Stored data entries
----
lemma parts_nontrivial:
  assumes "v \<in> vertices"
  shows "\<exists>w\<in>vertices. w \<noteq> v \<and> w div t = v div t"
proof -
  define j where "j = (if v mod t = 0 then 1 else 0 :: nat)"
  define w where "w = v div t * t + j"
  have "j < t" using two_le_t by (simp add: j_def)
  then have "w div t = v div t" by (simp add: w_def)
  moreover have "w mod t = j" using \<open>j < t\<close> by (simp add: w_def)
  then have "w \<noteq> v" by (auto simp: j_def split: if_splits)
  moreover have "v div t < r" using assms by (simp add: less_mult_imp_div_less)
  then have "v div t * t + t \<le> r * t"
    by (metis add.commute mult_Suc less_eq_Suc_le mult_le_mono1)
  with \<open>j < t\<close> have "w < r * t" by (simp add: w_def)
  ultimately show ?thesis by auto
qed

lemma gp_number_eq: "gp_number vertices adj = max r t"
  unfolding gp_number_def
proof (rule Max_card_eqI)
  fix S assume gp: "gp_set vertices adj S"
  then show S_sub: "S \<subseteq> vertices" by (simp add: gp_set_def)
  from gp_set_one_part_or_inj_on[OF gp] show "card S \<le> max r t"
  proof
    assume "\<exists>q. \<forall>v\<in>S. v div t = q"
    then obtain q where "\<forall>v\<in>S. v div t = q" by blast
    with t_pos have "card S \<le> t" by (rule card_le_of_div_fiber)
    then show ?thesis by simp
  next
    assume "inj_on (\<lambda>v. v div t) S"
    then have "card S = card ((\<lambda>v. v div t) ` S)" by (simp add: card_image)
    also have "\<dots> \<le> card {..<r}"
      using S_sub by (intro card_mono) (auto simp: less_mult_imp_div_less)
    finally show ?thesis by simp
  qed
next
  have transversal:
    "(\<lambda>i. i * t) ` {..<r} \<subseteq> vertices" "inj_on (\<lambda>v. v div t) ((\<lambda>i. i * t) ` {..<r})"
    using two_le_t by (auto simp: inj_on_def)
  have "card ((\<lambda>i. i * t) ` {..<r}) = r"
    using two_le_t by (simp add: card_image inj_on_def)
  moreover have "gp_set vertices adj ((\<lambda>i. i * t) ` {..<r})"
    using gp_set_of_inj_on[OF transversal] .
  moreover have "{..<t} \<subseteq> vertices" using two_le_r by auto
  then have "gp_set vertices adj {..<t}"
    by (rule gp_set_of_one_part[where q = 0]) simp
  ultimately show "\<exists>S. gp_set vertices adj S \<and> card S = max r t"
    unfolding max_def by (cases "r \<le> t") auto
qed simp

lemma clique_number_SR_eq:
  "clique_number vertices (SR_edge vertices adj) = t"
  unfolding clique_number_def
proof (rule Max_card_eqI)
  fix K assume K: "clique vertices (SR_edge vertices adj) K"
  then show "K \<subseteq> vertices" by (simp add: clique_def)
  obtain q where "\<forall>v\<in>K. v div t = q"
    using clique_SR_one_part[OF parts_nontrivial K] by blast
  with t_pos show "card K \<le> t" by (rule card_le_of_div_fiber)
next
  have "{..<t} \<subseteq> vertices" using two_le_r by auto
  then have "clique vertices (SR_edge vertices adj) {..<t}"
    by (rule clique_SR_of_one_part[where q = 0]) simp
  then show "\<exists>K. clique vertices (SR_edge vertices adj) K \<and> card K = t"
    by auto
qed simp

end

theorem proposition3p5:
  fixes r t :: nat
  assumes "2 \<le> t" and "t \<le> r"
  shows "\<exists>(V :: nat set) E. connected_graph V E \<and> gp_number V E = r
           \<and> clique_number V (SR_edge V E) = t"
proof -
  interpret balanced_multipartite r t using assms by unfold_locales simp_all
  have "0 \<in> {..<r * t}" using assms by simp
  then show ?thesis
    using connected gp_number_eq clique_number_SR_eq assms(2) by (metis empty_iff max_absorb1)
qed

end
----
TASK BRIEF: Only a number is expected here: the count of lines in the records above that include the word "metis".

WRITTEN REPLY: 2